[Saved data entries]
....

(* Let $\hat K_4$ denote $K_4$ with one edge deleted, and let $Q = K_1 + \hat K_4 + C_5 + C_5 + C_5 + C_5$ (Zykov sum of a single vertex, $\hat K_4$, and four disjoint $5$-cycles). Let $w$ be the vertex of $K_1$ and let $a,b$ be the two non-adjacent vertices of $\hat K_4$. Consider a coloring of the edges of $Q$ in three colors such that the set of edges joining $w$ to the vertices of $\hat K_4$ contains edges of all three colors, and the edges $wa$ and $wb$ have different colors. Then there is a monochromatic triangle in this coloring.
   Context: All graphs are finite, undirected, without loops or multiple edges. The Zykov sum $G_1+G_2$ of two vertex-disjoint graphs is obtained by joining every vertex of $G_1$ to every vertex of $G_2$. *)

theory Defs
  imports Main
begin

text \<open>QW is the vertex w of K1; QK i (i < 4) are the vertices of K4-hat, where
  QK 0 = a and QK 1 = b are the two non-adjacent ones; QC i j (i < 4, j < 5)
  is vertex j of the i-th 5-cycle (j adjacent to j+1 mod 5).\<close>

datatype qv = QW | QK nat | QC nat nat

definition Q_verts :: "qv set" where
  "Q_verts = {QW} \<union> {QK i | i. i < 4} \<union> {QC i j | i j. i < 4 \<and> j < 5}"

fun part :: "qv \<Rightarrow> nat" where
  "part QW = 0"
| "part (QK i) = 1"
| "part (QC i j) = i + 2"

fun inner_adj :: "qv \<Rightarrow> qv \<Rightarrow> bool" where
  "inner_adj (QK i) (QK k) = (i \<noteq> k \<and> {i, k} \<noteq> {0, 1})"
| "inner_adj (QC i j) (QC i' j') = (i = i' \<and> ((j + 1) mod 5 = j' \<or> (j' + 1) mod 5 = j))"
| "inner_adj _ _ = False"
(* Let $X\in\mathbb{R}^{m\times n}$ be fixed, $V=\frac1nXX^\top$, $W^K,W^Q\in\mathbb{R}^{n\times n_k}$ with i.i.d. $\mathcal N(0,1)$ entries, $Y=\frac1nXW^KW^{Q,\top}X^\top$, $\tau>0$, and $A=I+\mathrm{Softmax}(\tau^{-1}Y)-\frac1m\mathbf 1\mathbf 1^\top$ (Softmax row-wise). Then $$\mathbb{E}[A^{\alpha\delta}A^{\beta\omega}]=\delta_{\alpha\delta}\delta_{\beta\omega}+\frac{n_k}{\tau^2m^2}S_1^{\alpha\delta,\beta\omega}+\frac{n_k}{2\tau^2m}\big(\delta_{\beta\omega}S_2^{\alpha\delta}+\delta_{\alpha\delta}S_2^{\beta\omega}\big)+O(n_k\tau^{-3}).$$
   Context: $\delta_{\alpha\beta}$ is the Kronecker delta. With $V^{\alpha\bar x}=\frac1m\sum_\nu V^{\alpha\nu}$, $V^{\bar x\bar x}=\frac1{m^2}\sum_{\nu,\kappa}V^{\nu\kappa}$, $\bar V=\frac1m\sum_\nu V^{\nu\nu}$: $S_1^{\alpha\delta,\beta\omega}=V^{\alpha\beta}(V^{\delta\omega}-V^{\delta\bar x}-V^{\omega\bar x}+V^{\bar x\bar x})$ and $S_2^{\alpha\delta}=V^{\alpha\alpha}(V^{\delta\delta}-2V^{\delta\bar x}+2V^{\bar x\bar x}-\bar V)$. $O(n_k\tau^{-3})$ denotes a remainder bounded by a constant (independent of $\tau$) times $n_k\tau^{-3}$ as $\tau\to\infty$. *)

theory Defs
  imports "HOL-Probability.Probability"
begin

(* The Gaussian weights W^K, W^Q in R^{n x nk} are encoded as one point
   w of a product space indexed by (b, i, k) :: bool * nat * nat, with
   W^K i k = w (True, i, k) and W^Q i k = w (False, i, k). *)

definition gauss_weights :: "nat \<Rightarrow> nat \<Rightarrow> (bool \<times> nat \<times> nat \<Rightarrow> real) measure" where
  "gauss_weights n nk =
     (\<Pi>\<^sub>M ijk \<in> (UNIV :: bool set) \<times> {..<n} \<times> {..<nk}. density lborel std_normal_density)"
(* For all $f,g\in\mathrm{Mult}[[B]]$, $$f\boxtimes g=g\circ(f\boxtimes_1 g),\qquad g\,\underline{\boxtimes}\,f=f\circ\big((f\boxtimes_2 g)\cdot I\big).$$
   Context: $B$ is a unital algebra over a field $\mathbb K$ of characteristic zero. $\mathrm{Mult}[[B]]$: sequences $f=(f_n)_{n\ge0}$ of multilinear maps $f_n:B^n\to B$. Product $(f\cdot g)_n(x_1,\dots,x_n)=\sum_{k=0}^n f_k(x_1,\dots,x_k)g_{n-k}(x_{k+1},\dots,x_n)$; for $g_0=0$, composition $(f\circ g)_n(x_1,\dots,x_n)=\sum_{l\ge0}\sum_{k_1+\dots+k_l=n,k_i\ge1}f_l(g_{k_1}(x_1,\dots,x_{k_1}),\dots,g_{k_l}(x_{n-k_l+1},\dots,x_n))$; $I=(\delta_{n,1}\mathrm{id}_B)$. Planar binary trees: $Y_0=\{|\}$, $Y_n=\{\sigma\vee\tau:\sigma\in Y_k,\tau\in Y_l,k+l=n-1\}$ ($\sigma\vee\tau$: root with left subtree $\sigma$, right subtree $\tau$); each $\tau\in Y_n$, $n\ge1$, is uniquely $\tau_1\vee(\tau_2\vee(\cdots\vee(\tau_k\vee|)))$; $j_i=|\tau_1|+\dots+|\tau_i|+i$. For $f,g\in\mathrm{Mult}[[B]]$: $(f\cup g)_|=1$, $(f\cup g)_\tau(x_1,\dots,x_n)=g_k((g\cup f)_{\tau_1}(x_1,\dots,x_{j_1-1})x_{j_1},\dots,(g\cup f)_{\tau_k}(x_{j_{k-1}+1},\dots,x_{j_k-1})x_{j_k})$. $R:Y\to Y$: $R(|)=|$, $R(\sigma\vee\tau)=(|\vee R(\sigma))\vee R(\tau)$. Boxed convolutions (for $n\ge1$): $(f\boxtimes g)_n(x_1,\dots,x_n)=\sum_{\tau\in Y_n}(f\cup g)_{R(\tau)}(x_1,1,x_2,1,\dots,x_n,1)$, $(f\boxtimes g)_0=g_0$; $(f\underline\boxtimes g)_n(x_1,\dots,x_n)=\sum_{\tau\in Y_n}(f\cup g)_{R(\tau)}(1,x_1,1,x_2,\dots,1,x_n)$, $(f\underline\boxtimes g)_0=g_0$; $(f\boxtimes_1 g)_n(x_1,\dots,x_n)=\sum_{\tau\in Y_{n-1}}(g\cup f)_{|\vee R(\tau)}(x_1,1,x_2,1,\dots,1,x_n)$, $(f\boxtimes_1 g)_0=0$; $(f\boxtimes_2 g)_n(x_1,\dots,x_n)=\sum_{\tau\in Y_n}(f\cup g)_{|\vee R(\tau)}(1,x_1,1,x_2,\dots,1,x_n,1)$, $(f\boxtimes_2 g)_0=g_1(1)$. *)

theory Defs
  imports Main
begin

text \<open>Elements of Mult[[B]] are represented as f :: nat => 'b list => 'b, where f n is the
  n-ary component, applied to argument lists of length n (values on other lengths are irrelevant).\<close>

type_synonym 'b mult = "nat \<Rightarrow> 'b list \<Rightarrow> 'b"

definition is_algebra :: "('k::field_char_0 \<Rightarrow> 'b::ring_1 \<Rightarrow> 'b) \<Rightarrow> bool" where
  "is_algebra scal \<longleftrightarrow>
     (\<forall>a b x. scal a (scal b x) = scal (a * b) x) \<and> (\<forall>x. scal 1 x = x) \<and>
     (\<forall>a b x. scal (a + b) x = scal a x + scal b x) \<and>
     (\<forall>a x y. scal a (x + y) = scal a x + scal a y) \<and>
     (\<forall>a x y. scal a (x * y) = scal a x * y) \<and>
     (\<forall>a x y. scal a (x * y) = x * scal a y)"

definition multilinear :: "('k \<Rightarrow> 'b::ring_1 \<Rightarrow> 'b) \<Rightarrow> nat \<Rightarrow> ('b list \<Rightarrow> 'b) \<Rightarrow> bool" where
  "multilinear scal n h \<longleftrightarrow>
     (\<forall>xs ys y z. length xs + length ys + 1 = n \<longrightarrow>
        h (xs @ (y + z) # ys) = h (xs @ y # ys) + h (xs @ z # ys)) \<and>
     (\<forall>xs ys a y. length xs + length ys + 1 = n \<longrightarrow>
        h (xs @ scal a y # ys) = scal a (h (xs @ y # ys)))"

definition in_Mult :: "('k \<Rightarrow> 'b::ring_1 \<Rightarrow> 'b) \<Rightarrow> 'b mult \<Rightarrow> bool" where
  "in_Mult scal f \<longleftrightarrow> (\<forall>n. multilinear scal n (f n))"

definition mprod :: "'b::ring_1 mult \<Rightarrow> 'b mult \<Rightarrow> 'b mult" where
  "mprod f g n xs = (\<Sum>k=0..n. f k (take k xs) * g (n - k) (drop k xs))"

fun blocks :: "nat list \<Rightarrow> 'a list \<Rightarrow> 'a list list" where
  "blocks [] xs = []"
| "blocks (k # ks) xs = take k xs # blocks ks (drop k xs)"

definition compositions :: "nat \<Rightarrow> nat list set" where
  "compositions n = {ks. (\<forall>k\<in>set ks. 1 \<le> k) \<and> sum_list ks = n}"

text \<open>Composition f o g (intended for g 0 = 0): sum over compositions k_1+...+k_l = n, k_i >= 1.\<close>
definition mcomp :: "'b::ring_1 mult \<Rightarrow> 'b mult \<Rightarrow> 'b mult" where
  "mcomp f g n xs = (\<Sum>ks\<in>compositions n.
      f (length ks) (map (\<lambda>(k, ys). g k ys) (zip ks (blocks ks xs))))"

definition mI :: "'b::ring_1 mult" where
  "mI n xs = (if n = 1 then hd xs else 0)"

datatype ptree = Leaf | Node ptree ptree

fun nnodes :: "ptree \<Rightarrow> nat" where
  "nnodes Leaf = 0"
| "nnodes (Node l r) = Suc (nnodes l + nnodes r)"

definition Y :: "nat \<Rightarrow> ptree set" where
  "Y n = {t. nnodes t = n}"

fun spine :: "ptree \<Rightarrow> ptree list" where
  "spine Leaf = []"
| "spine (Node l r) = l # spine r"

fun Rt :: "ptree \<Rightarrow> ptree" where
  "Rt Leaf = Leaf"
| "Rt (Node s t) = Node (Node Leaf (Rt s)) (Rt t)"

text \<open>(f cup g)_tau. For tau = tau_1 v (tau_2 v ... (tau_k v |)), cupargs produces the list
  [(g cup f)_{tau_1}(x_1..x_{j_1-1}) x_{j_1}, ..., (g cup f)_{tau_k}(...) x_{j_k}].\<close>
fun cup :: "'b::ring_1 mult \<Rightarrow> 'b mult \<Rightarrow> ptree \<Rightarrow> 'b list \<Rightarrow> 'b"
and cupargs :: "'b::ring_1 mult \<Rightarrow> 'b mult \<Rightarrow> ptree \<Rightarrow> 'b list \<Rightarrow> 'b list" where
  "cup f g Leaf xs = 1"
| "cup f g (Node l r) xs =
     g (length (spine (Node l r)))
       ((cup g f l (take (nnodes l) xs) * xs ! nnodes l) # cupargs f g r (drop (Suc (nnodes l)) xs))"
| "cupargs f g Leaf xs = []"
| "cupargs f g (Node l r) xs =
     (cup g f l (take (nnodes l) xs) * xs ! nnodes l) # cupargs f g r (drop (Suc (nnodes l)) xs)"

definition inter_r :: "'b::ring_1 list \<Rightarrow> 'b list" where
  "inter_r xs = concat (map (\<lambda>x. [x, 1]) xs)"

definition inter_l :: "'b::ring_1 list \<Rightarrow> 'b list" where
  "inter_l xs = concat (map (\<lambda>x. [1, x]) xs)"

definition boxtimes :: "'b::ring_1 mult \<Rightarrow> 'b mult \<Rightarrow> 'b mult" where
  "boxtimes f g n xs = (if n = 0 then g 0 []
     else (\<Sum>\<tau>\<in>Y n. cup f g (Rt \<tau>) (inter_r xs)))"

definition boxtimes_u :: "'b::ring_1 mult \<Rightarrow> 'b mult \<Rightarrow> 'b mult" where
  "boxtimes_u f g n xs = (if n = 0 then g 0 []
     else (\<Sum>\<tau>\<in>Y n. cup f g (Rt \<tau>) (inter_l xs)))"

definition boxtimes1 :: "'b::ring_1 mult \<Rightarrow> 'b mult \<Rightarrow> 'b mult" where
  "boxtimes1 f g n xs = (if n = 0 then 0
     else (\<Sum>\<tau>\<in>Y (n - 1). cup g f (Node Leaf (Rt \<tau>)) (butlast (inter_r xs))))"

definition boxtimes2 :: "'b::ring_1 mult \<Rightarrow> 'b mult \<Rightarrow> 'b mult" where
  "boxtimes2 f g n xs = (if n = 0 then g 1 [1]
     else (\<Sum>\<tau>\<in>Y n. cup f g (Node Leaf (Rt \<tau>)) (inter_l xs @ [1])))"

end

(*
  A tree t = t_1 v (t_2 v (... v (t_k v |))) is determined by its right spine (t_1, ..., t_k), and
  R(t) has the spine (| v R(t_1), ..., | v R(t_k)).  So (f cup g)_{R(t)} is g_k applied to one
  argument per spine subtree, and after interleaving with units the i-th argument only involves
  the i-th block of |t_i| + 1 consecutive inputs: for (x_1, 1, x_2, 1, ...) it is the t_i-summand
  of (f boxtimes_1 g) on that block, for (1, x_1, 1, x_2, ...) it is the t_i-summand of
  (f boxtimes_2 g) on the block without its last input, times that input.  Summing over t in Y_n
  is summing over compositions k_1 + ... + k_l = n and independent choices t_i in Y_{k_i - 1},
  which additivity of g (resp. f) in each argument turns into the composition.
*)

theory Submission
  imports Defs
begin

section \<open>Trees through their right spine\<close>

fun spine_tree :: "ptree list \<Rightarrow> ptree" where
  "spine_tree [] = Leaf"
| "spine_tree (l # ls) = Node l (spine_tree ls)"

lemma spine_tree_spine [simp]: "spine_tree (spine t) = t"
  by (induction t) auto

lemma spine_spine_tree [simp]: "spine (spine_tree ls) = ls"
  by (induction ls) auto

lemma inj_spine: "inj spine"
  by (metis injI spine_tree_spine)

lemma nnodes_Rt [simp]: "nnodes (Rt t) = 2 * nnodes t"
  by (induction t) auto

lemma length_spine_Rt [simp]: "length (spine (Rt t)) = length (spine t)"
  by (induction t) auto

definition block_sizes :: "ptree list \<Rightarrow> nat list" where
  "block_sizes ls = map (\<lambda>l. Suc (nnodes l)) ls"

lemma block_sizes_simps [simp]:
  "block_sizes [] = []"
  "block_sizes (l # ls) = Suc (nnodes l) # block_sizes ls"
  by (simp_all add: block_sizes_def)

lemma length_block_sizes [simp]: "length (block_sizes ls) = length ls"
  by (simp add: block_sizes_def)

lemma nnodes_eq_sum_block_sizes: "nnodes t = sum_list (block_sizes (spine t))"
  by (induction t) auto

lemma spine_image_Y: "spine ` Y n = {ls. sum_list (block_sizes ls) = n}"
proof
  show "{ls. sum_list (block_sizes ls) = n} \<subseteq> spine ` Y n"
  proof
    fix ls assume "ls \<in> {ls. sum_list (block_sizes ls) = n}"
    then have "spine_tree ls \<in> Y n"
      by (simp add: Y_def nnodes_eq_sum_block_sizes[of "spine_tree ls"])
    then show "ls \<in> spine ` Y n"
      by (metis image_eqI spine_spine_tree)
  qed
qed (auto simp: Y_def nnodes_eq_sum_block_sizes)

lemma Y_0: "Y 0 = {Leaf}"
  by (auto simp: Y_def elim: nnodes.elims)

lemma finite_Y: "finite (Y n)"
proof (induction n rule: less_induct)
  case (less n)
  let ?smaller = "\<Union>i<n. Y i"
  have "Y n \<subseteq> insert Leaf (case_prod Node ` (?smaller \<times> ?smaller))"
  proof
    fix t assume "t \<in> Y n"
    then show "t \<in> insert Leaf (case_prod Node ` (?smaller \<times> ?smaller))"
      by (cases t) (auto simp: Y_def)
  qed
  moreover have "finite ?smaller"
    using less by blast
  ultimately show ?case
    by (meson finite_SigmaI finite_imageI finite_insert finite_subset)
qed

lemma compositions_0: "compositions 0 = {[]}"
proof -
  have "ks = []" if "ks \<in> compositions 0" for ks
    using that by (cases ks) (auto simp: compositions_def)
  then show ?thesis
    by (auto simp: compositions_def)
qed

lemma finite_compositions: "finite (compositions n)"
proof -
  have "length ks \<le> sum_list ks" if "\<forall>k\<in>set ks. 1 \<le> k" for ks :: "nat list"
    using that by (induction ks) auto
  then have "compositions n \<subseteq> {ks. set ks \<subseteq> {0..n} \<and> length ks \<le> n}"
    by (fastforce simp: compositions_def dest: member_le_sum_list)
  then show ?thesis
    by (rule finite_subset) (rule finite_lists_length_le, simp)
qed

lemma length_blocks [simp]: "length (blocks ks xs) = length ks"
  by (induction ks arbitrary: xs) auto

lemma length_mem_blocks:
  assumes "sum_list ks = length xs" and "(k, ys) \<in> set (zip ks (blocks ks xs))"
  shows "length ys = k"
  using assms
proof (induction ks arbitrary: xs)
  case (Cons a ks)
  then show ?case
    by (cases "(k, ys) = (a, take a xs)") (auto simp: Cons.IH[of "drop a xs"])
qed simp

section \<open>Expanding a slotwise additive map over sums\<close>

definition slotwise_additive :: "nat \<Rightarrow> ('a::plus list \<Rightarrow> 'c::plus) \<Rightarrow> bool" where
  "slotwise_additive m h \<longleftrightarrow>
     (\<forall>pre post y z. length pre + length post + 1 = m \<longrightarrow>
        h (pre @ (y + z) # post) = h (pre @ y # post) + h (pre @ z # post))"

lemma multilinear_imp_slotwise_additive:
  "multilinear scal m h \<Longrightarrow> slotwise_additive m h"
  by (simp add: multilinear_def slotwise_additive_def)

....

## Aim of the exercise
Send back an exact copy of only the lines from the line with "(\<forall>a b x. scal a" up to and including the line with "text \<open>Composition f" in the data above.

## Solution to the exercise
     (\<forall>a b x. scal a (scal b x) = scal (a * b) x) \<and> (\<forall>x. scal 1 x = x) \<and>
     (\<forall>a b x. scal (a + b) x = scal a x + scal b x) \<and>
     (\<forall>a x y. scal a (x + y) = scal a x + scal a y) \<and>
     (\<forall>a x y. scal a (x * y) = scal a x * y) \<and>
     (\<forall>a x y. scal a (x * y) = x * scal a y)"

definition multilinear :: "('k \<Rightarrow> 'b::ring_1 \<Rightarrow> 'b) \<Rightarrow> nat \<Rightarrow> ('b list \<Rightarrow> 'b) \<Rightarrow> bool" where
  "multilinear scal n h \<longleftrightarrow>
     (\<forall>xs ys y z. length xs + length ys + 1 = n \<longrightarrow>
        h (xs @ (y + z) # ys) = h (xs @ y # ys) + h (xs @ z # ys)) \<and>
     (\<forall>xs ys a y. length xs + length ys + 1 = n \<longrightarrow>
        h (xs @ scal a y # ys) = scal a (h (xs @ y # ys)))"

definition in_Mult :: "('k \<Rightarrow> 'b::ring_1 \<Rightarrow> 'b) \<Rightarrow> 'b mult \<Rightarrow> bool" where
  "in_Mult scal f \<longleftrightarrow> (\<forall>n. multilinear scal n (f n))"

definition mprod :: "'b::ring_1 mult \<Rightarrow> 'b mult \<Rightarrow> 'b mult" where
  "mprod f g n xs = (\<Sum>k=0..n. f k (take k xs) * g (n - k) (drop k xs))"

fun blocks :: "nat list \<Rightarrow> 'a list \<Rightarrow> 'a list list" where
  "blocks [] xs = []"
| "blocks (k # ks) xs = take k xs # blocks ks (drop k xs)"

definition compositions :: "nat \<Rightarrow> nat list set" where
  "compositions n = {ks. (\<forall>k\<in>set ks. 1 \<le> k) \<and> sum_list ks = n}"

text \<open>Composition f o g (intended for g 0 = 0): sum over compositions k_1+...+k_l = n, k_i >= 1.\<close>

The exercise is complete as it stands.